The Tony Award-winning musical Rent premiered in 1996.
At the time, it was a new rock musical by little-known author Jonathan Larson, performed in a small off-Broadway theater.
But nearly 30 years later, director Marisa Hebert is hoping to re-enjoy audiences by retelling the story that became an internationally acclaimed musical.
“I always keep in mind that if something is more than 20 years old, you're allowed to change the concept,” Hebert said. “Toward that, I gave the designers a very clear path. I said, 'Let's take everything we know about 'Rent' and break it up.” We don't want people coming in thinking they're going to get the same “rent” as they were in the early to mid-1990s. So we really worked on the concept of telling the story of RENT, but forcing it into a different visual that people weren't used to. ”
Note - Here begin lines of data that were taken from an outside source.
lemma shortest_path_exists:
  assumes wg: "weighted_graph V E w" and p0: "path_between V E x y p0"
  obtains p where "shortest_path V E w x y p"
proof -
  obtain \<delta> where \<delta>: "\<delta> > 0" "\<And>a b. E a b \<Longrightarrow> \<delta> \<le> w a b"
    using edge_weight_lower_bound[OF wg] by blast
  \<comment> \<open>a path with more than N vertices weighs more than p0, so only finitely many paths compete\<close>
  define N where "N = nat \<lceil>path_weight w p0 / \<delta>\<rceil> + length p0"
  define T where "T = {p. path_between V E x y p \<and> length p \<le> N}"
  have "T \<subseteq> {xs. set xs \<subseteq> V \<and> length xs \<le> N}"
    by (auto simp: T_def path_between_def is_path_def)
  with wg have "finite T" by (auto simp: weighted_graph_def intro: finite_subset finite_lists_length_le)
  moreover have "p0 \<in> T" using p0 by (simp add: T_def N_def)
  ultimately obtain pm where pm: "pm \<in> T" "\<And>p. p \<in> T \<Longrightarrow> path_weight w pm \<le> path_weight w p"
    using ex_is_arg_min_if_finite[of T "path_weight w"] by (auto simp: is_arg_min_linorder)
  have "path_weight w pm \<le> path_weight w p" if p: "path_between V E x y p" for p
  proof (cases "length p \<le> N")
    case True
    with p show ?thesis by (intro pm(2)) (simp add: T_def)
  next
    case False
    have "path_weight w pm \<le> path_weight w p0" using pm(2) \<open>p0 \<in> T\<close> .
    also have "\<dots> \<le> real N * \<delta>"
    proof -
      have "path_weight w p0 / \<delta> \<le> real N" unfolding N_def by linarith
      with \<delta>(1) show ?thesis by (simp add: divide_le_eq)
    qed
    also have "\<dots> \<le> real (length p - 1) * \<delta>" using False \<delta>(1) by simp
    also have "\<dots> \<le> path_weight w p"
      using path_weight_ge_length[of V E p \<delta> w] p \<delta>(2) by (simp add: path_between_def)
    finally show ?thesis .
  qed
  with pm(1) have "gdist V E w x y = path_weight w pm"
    unfolding gdist_def T_def by (intro cInf_eq_minimum) auto
  with pm(1) show ?thesis by (intro that[of pm]) (simp add: shortest_path_def T_def)
qed

lemma path_weight_take:
  "k < length p \<Longrightarrow> path_weight w (take (Suc k) p) = (\<Sum>i<k. w (p ! i) (p ! Suc i))"
  unfolding path_weight_def by (intro sum.cong) auto

lemma path_weight_take_strict_mono:
  assumes "weighted_graph V E w" "is_path V E p"
  shows "strict_mono_on {..<length p} (\<lambda>k. path_weight w (take (Suc k) p))"
proof (rule strict_mono_onI)
  fix i j assume ij: "i \<in> {..<length p}" "j \<in> {..<length p}" "i < j"
  have "0 < (\<Sum>k\<in>{i..<j}. w (p ! k) (p ! Suc k))"
    using ij assms by (intro sum_pos) (auto simp: is_path_def weighted_graph_def)
  moreover have "(\<Sum>k<j. w (p ! k) (p ! Suc k))
      = (\<Sum>k<i. w (p ! k) (p ! Suc k)) + (\<Sum>k\<in>{i..<j}. w (p ! k) (p ! Suc k))"
    using \<open>i < j\<close> by (simp add: lessThan_atLeast0 sum.atLeastLessThan_concat)
  ultimately show "path_weight w (take (Suc i) p) < path_weight w (take (Suc j) p)"
    using ij by (simp add: path_weight_take)
qed

lemma path_prefix_eq_if_path_weight_eq:
  assumes "weighted_graph V E w" "is_path V E P"
    and "P = A @ A'" "P = C @ C'" "A \<noteq> []" "C \<noteq> []"
    and "path_weight w A = path_weight w C"
  shows "A = C"
proof -
  have A: "A = take (Suc (length A - 1)) P" "length A - 1 \<in> {..<length P}"
    using assms(3,5) by (auto simp: Suc_le_eq neq_Nil_conv)
  have C: "C = take (Suc (length C - 1)) P" "length C - 1 \<in> {..<length P}"
    using assms(4,6) by (auto simp: Suc_le_eq neq_Nil_conv)
  have "length A - 1 = length C - 1"
    using inj_onD[OF strict_mono_on_imp_inj_on[OF path_weight_take_strict_mono[OF assms(1,2)]]]
      A C assms(7) by metis
  with A C show ?thesis by metis
qed

lemma shortest_path_exists_if_connected:
  assumes "weighted_graph V E w" "connected_graph V E" "x \<in> V" "y \<in> V"
  obtains p where "shortest_path V E w x y p"
  using assms(2-4) shortest_path_exists[OF assms(1)] unfolding connected_graph_def by blast

lemma gdist_triangle:
  assumes "weighted_graph V E w" "connected_graph V E" "x \<in> V" "y \<in> V" "z \<in> V"
  shows "gdist V E w x z \<le> gdist V E w x y + gdist V E w y z"
proof -
  obtain A B where A: "shortest_path V E w x y A" and B: "shortest_path V E w y z B"
    using shortest_path_exists_if_connected assms by metis
  then have AB: "path_between V E x y A" "path_between V E y z B"
    by (simp_all add: shortest_path_def)
  have "gdist V E w x z \<le> path_weight w (A @ tl B)"
    using gdist_le_path_weight[OF assms(1) path_between_append(1)[OF AB]] .
  also have "\<dots> = gdist V E w x y + gdist V E w y z"
    using path_between_append(2)[OF AB] A B by (simp add: shortest_path_def)
  finally show ?thesis .
qed

lemma shortest_path_split_path_weight:
  assumes wg: "weighted_graph V E w" and P: "shortest_path V E w x z P"
    and split: "P = A @ tl B" "path_between V E x y A" "path_between V E y z B"
  shows "path_weight w A = gdist V E w x y" and "path_weight w B = gdist V E w y z"
proof -
  obtain A' B' where A': "shortest_path V E w x y A'" and B': "shortest_path V E w y z B'"
    using shortest_path_exists[OF wg] split(2,3) by metis
  then have A'B': "path_between V E x y A'" "path_between V E y z B'"
    by (simp_all add: shortest_path_def)
  have "path_weight w A + path_weight w B = gdist V E w x z"
    using P split(1) path_between_append(2)[OF split(2,3)] by (simp add: shortest_path_def)
  moreover have "gdist V E w x z \<le> gdist V E w x y + path_weight w B"
    using gdist_le_path_weight[OF wg path_between_append(1)[OF A'B'(1) split(3)]]
      path_between_append(2)[OF A'B'(1) split(3)] A' by (simp add: shortest_path_def)
  moreover have "gdist V E w x z \<le> path_weight w A + gdist V E w y z"
    using gdist_le_path_weight[OF wg path_between_append(1)[OF split(2) A'B'(2)]]
      path_between_append(2)[OF split(2) A'B'(2)] B' by (simp add: shortest_path_def)
  moreover have "gdist V E w x y \<le> path_weight w A" "gdist V E w y z \<le> path_weight w B"
    using gdist_le_path_weight[OF wg] split(2,3) by auto
  ultimately show "path_weight w A = gdist V E w x y" and "path_weight w B = gdist V E w y z"
    by linarith+
qed

lemma gdist_add_eq_if_on_shortest_path:
  assumes wg: "weighted_graph V E w" and P: "shortest_path V E w x z P" and "y \<in> set P"
  shows "gdist V E w x y + gdist V E w y z = gdist V E w x z"
proof -
  obtain A B where split: "P = A @ tl B" "path_between V E x y A" "path_between V E y z B"
    using path_between_split assms(3) P by (metis shortest_path_def)
  have "gdist V E w x z = path_weight w A + path_weight w B"
    using P split(1) path_between_append(2)[OF split(2,3)] by (simp add: shortest_path_def)
  then show ?thesis using shortest_path_split_path_weight[OF wg P split] by simp
qed

lemma shortest_path_through_if_gdist_add_eq:
  assumes "weighted_graph V E w" "connected_graph V E" "x \<in> V" "y \<in> V" "z \<in> V"
    and "gdist V E w x y + gdist V E w y z = gdist V E w x z"
  obtains P where "shortest_path V E w x z P" "y \<in> set P"
proof -
  obtain A B where A: "shortest_path V E w x y A" and B: "shortest_path V E w y z B"
    using shortest_path_exists_if_connected assms(1-5) by metis
  then have AB: "path_between V E x y A" "path_between V E y z B"
    by (simp_all add: shortest_path_def)
  have "shortest_path V E w x z (A @ tl B)"
    using path_between_append[OF AB] A B assms(6) by (simp add: shortest_path_def)
  moreover have "y \<in> set (A @ tl B)"
    using AB(1) by (auto simp: path_between_def is_path_def)
  ultimately show ?thesis by (rule that)
qed

lemma shortest_path_vertex_eq_if_gdist_eq:
  assumes wg: "weighted_graph V E w" and P: "shortest_path V E w x z P"
    and "y \<in> set P" "y' \<in> set P" "gdist V E w x y = gdist V E w x y'"
  shows "y = y'"
proof -
  have P_path: "path_between V E x z P" using P by (simp add: shortest_path_def)
  obtain A B where A: "P = A @ tl B" "path_between V E x y A" "path_between V E y z B"
    using path_between_split[OF P_path assms(3)] by blast
  obtain A' B' where A': "P = A' @ tl B'" "path_between V E x y' A'" "path_between V E y' z B'"
    using path_between_split[OF P_path assms(4)] by blast
  have "A = A'"
  proof (rule path_prefix_eq_if_path_weight_eq[OF wg _ A(1) A'(1)])
    show "is_path V E P" using P_path by (simp add: path_between_def)
    show "A \<noteq> []" "A' \<noteq> []" using A(2) A'(2) by (auto simp: path_between_def is_path_def)
    show "path_weight w A = path_weight w A'"
      using shortest_path_split_path_weight(1)[OF wg P A] shortest_path_split_path_weight(1)[OF wg P A']
        assms(5) by simp
  qed
  then show ?thesis using A(2) A'(2) by (simp add: path_between_def)
qed

lemma gdist_le_if_on_all_shortest_paths:
  assumes wg: "weighted_graph V E w" and conn: "connected_graph V E"
    and V: "o1 \<in> V" "o2 \<in> V" "x \<in> V" "y \<in> V"
    and on_all: "\<forall>P. shortest_path V E w o1 o2 P \<longrightarrow> x \<in> set P"
    and diff: "gdist V E w x o1 - gdist V E w x o2 = gdist V E w y o1 - gdist V E w y o2"
  shows "gdist V E w x o1 \<le> gdist V E w y o1"
    and "gdist V E w x o1 = gdist V E w y o1 \<Longrightarrow> x = y"
proof -
  let ?d = "gdist V E w"
  have commute: "?d a b = ?d b a" for a b using gdist_commute[OF wg] .
  obtain P where "shortest_path V E w o1 o2 P"
    using shortest_path_exists_if_connected[OF wg conn V(1,2)] .
  with on_all have x_between: "?d x o1 + ?d x o2 = ?d o1 o2"
    using gdist_add_eq_if_on_shortest_path[OF wg] commute[of o1 x] by force
  have y_triangle: "?d o1 o2 \<le> ?d y o1 + ?d y o2"
    using gdist_triangle[OF wg conn V(1,4,2)] commute[of o1 y] by simp
  from x_between y_triangle diff show "?d x o1 \<le> ?d y o1" by linarith
  assume eq: "?d x o1 = ?d y o1"
  with x_between diff have "?d o1 y + ?d y o2 = ?d o1 o2"
    using commute[of o1 y] by linarith
  then obtain Q where "shortest_path V E w o1 o2 Q" "y \<in> set Q"
    using shortest_path_through_if_gdist_add_eq[OF wg conn V(1,4,2)] by blast
  moreover have "?d o1 x = ?d o1 y" using eq commute by metis
  ultimately show "x = y"
    using on_all shortest_path_vertex_eq_if_gdist_eq[OF wg] by blast
qed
The Colorado Springs Fine Arts Center will open Thursday night and perform “Rent” throughout May. The story, loosely based on Puccini's La Bohème, follows a group of young artists struggling to survive on New York's Lower East Side in the shadow of the 1990s HIV/AIDS crisis. Masu. Featuring a cast of couples, the characters overcome love, loss, and grief.
“I've loved this show forever, and directing this show was just a big, long love story about the last few weeks of my life, the cast, the team, and the music.” “I spend eight hours a day listening to incredible music with incredible people. I feel like it's a gift,” Ebert said.
In directing the show, Ebert did a lot of research into creating musicals and documentaries about the AIDS crisis. Hébert said the raw nature of the activity inspired the play's direction.
“It felt very similar to the feel of graphic novels today, where you tell a story pane by pane,” Ebert says. “I kind of went down the rabbit hole of what would happen if I took Rent and put it into a graphic novel?” And that's what I told the design team. …So we actually took some liberties to make it feel more like a graphic version of Rent than an operatic or industrial version. ”
Overall, Hébert wants to tell a story of community and love.
“I especially hope that viewers don't see this as a queer story, or a brown story, or a story about drugs, but instead just see it as a community of people who found each other and created a family of their own. And everything else. Despite this, we chose to love each other,” Hebert said.